New visa norms may affect employment prospects for Indian nurses to US
The lure of big money and affluent life promised by USA. may remain merely a dream for many US aspirant paramedics in India, as the country's immigration authorities are currently enforcing a new set of stringent norms for immigration.
With a view to tighten the criteria for processing of visa applications in the post-September 11 scenario and as part of the decision to cut down H1B professional work permits to one-third, the US government is in the process of enforcing certain changes in emigration rules related to nurses.
The US laws now mandate nurses to have education, experience and English knowledge equivalent to that of the nurses in US. Further, the Green Card aspirants will have to pass the CGFNS and IELTS certification examination, a benchmark to qualify for working in that country. Even if the Indian nurses pass these examinations, they will have to come out successfully in the RN examination conducted in the US to obtain a work permit in that country.
By this, many of the nurses in India, mainly those trained in average training centres in Kerala and Tamil Nadu, were finding difficult to get entry to the US sources with leading recruiting agencies in Chennai and Kochi told Pharmabiz.
Sources note it may not be easy for Indian nurses to qualify these tests, especially English proficiency analysis tests at various levels, despite training at coaching centres for a few months.

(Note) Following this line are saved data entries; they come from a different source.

(* Let $S>0$, $I\ge1$, $N_1,\dots,N_I$ positive integers and $\theta_1>\dots>\theta_I>0$. Let $\lambda(k)=\Big(\frac{\sum_{i=1}^k N_i\sqrt{\theta_i}}{S+\sum_{i=1}^k N_i}\Big)^2$, $K=\max\{k\in\{1,\dots,I\}:\theta_k>\lambda(k)\}$, $\lambda^*=\lambda(K)$, and for $i\le K$ let $p^*_i=\sqrt{\theta_i\lambda^*}$ and $s^*_i=\sqrt{\theta_i/\lambda^*}-1$ (the optimal complete-information differentiated prices and allocations). For each $q\in\{1,\dots,K-1\}$ the equation $$t^2\ln t-(t^2-1)+\frac{t\sum_{k=1}^{q}N_k+N_{q+1}}{S+\sum_{k=1}^{K}N_k}(t-1)=0$$ has a unique solution $t_q$ in $t>1$. Moreover, if $\sqrt{\theta_q/\theta_{q+1}}\ge t_q$ for all $q=1,\dots,K-1$, then there exist quantity thresholds $s^1_{th}>s^2_{th}>\dots>s^{K-1}_{th}>0$ such that, under the quantity-based price menu $p(s)=p^*_q$ for $s^q_{th}<s\le s^{q-1}_{th}$ ($q=1,\dots,K$, with $s^0_{th}=+\infty$, $s^K_{th}=0$), for every $i\in\{1,\dots,K\}$ the quantity $s^*_i$ maximizes a group-$i$ user's surplus $\theta_i\ln(1+s)-p(s)s$ over $s\ge0$ (with surplus $0$ at $s=0$) and is charged unit price $p(s^*_i)=p^*_i$; consequently the menu attains the same revenue $\sum_{i=1}^K N_ip^*_is^*_i$ as optimal complete price differentiation under complete information.
   Context: Group $i$ consists of $N_i$ users, each with utility $\theta_i\ln(1+s)$. Under incomplete information the provider (with total resource $S$) does not know which group each user belongs to; it publishes one menu in which the unit price depends on the purchased quantity, and each user freely chooses a quantity to maximize utility minus payment $p(s)s$. *)

theory Defs
  imports Complex_Main
begin

text \<open>Groups are indexed 1..I; N i is the number of users of group i, th i = theta_i.\<close>

definition lam :: "real \<Rightarrow> (nat \<Rightarrow> nat) \<Rightarrow> (nat \<Rightarrow> real) \<Rightarrow> nat \<Rightarrow> real" where
  "lam S N th k = ((\<Sum>i=1..k. real (N i) * sqrt (th i)) / (S + (\<Sum>i=1..k. real (N i)))) ^ 2"

definition effK :: "real \<Rightarrow> nat \<Rightarrow> (nat \<Rightarrow> nat) \<Rightarrow> (nat \<Rightarrow> real) \<Rightarrow> nat" where
  "effK S I N th = Max {k \<in> {1..I}. th k > lam S N th k}"

definition lamstar :: "real \<Rightarrow> nat \<Rightarrow> (nat \<Rightarrow> nat) \<Rightarrow> (nat \<Rightarrow> real) \<Rightarrow> real" where
  "lamstar S I N th = lam S N th (effK S I N th)"

definition pstar :: "real \<Rightarrow> nat \<Rightarrow> (nat \<Rightarrow> nat) \<Rightarrow> (nat \<Rightarrow> real) \<Rightarrow> nat \<Rightarrow> real" where
  "pstar S I N th i = sqrt (th i * lamstar S I N th)"

definition sstar :: "real \<Rightarrow> nat \<Rightarrow> (nat \<Rightarrow> nat) \<Rightarrow> (nat \<Rightarrow> real) \<Rightarrow> nat \<Rightarrow> real" where
  "sstar S I N th i = sqrt (th i / lamstar S I N th) - 1"

definition threq :: "real \<Rightarrow> (nat \<Rightarrow> nat) \<Rightarrow> nat \<Rightarrow> nat \<Rightarrow> real \<Rightarrow> real" where
  "threq S N K q t = t^2 * ln t - (t^2 - 1)
     + (t * (\<Sum>k=1..q. real (N k)) + real (N (q+1))) / (S + (\<Sum>k=1..K. real (N k))) * (t - 1)"

definition tq :: "real \<Rightarrow> (nat \<Rightarrow> nat) \<Rightarrow> nat \<Rightarrow> nat \<Rightarrow> real" where
  "tq S N K q = (THE t. t > 1 \<and> threq S N K q t = 0)"

text \<open>Quantity-based price menu: thresholds sth 1 > ... > sth (K-1) > 0, with
  sth 0 = +infinity and sth K = 0; for s^q_th < s \<le> s^(q-1)_th the unit price is price q.
  At s = 0 the payment p(s)*s is 0 whatever value is returned.\<close>
definition menu_price :: "nat \<Rightarrow> (nat \<Rightarrow> real) \<Rightarrow> (nat \<Rightarrow> real) \<Rightarrow> real \<Rightarrow> real" where
  "menu_price K sth price s =
     price (THE q. q \<in> {1..K} \<and> (q = K \<or> sth q < s) \<and> (q = 1 \<or> s \<le> sth (q - 1)))"

definition surplus :: "real \<Rightarrow> (real \<Rightarrow> real) \<Rightarrow> real \<Rightarrow> real" where
  "surplus thi p s = thi * ln (1 + s) - p s * s"

end

theory Submission
  imports Defs
begin

text \<open>Write \<lambda> = \<lambda>* and x i = sqrt (\<theta>_i / \<lambda>) = 1 + s*_i, so that \<theta>_i = \<lambda> (x i)^2 and
  p*_i = \<lambda> x i, and let band q of the menu be (x (q+1) - 1, x q - 1] with unit price \<lambda> x q.
  A group-i user buying in a band j \<le> i pays at least \<lambda> x i per unit, and by concavity of ln the
  surplus \<theta>_i ln(1 + s) - \<lambda> x i s is maximal at s = x i - 1. In a cheaper band j > i the surplus
  grows up to the top x j - 1 of the band, and after the substitution t = x i / x j the comparison
  with s*_i becomes nonnegativity of t^2 ln t - (t^2 - 1) + c (t - 1) with c = 1 / x j. For c \<in> [0, 1)
  this function vanishes at 1, is convex on [1, \<infinity>) with negative slope at 1, hence has a single
  root t > 1 and is nonnegative beyond it. The capacity identity \<Sum> N_k x k = S + \<Sum> N_k bounds c
  from below by the coefficient of the threshold equation for q = j - 1, so the hypothesis
  sqrt (\<theta>_q / \<theta>_(q+1)) \<ge> t_q suffices.\<close>

section \<open>The threshold function\<close>

definition threshold_fun :: "real \<Rightarrow> real \<Rightarrow> real \<Rightarrow> real" where
  "threshold_fun a b t = t^2 * ln t - (t^2 - 1) + (a*t + b) * (t - 1)"

lemma threshold_fun_one [simp]: "threshold_fun a b 1 = 0"
  by (simp add: threshold_fun_def)

lemma has_real_derivative_threshold_fun:
  "t > 0 \<Longrightarrow> (threshold_fun a b has_real_derivative 2*t*ln t - t + 2*a*t - a + b) (at t)"
  unfolding threshold_fun_def
  by (auto intro!: derivative_eq_intros simp: field_simps power2_eq_square)

lemma isCont_threshold_fun: "t > 0 \<Longrightarrow> isCont (threshold_fun a b) t"
  using has_real_derivative_threshold_fun DERIV_isCont by blast

lemma threshold_fun_root_between:
  assumes "0 < u" "u \<le> v"
    and "threshold_fun a b u \<le> 0 \<and> 0 \<le> threshold_fun a b v
       \<or> threshold_fun a b v \<le> 0 \<and> 0 \<le> threshold_fun a b u"
  obtains r where "u \<le> r" "r \<le> v" "threshold_fun a b r = 0"
proof -
  have "\<forall>t. u \<le> t \<and> t \<le> v \<longrightarrow> isCont (threshold_fun a b) t"
    using assms(1) isCont_threshold_fun by auto
  thus ?thesis using IVT[of "threshold_fun a b" u 0 v] IVT2[of "threshold_fun a b" v 0 u]
    assms(2,3) that by blast
qed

Sources said there were exclusive coaching centres in Chennai, Kochi and Bangalore, where thousands of nurses enroll for coaching classes to write qualification examinations like TOEFL, CGFNS, TWETS etc. In the South, these exams are held thrice in a year at Bangalore and Kochi. Many of these centres, also acting as recruiting agencies, have tie-ups with U.S. hospitals to supply labor, said sources.
While visa screening was not mandatory for nurses earlier, now authorities stick to compulsory interviews, often lasting hours. Michael Thomas, Chief Counsel of U.S. Consulate General in Chennai, says about 75 percent of applicants to the US were subject to personal interviews, in a highly active visa issuing centre like Chennai, where about 650 people are interviewed every day. According to him, all the U.S. visa applicants will have to give their fingerprints from October 26, 2004, forcing cent percent of the applicants to face a personal interview.
Sources said another setback for the nurses was the decision of the US government not to allow temporary work permits in that country.
Sources note this situation was despite the chances for nurses in U.S.A., as the US Nursing Association estimates requirement of about 1, 26,000 nurses in that country and by 2008, U.S.A. would require about 4, 50, 000 nurses, according to the US health department officials.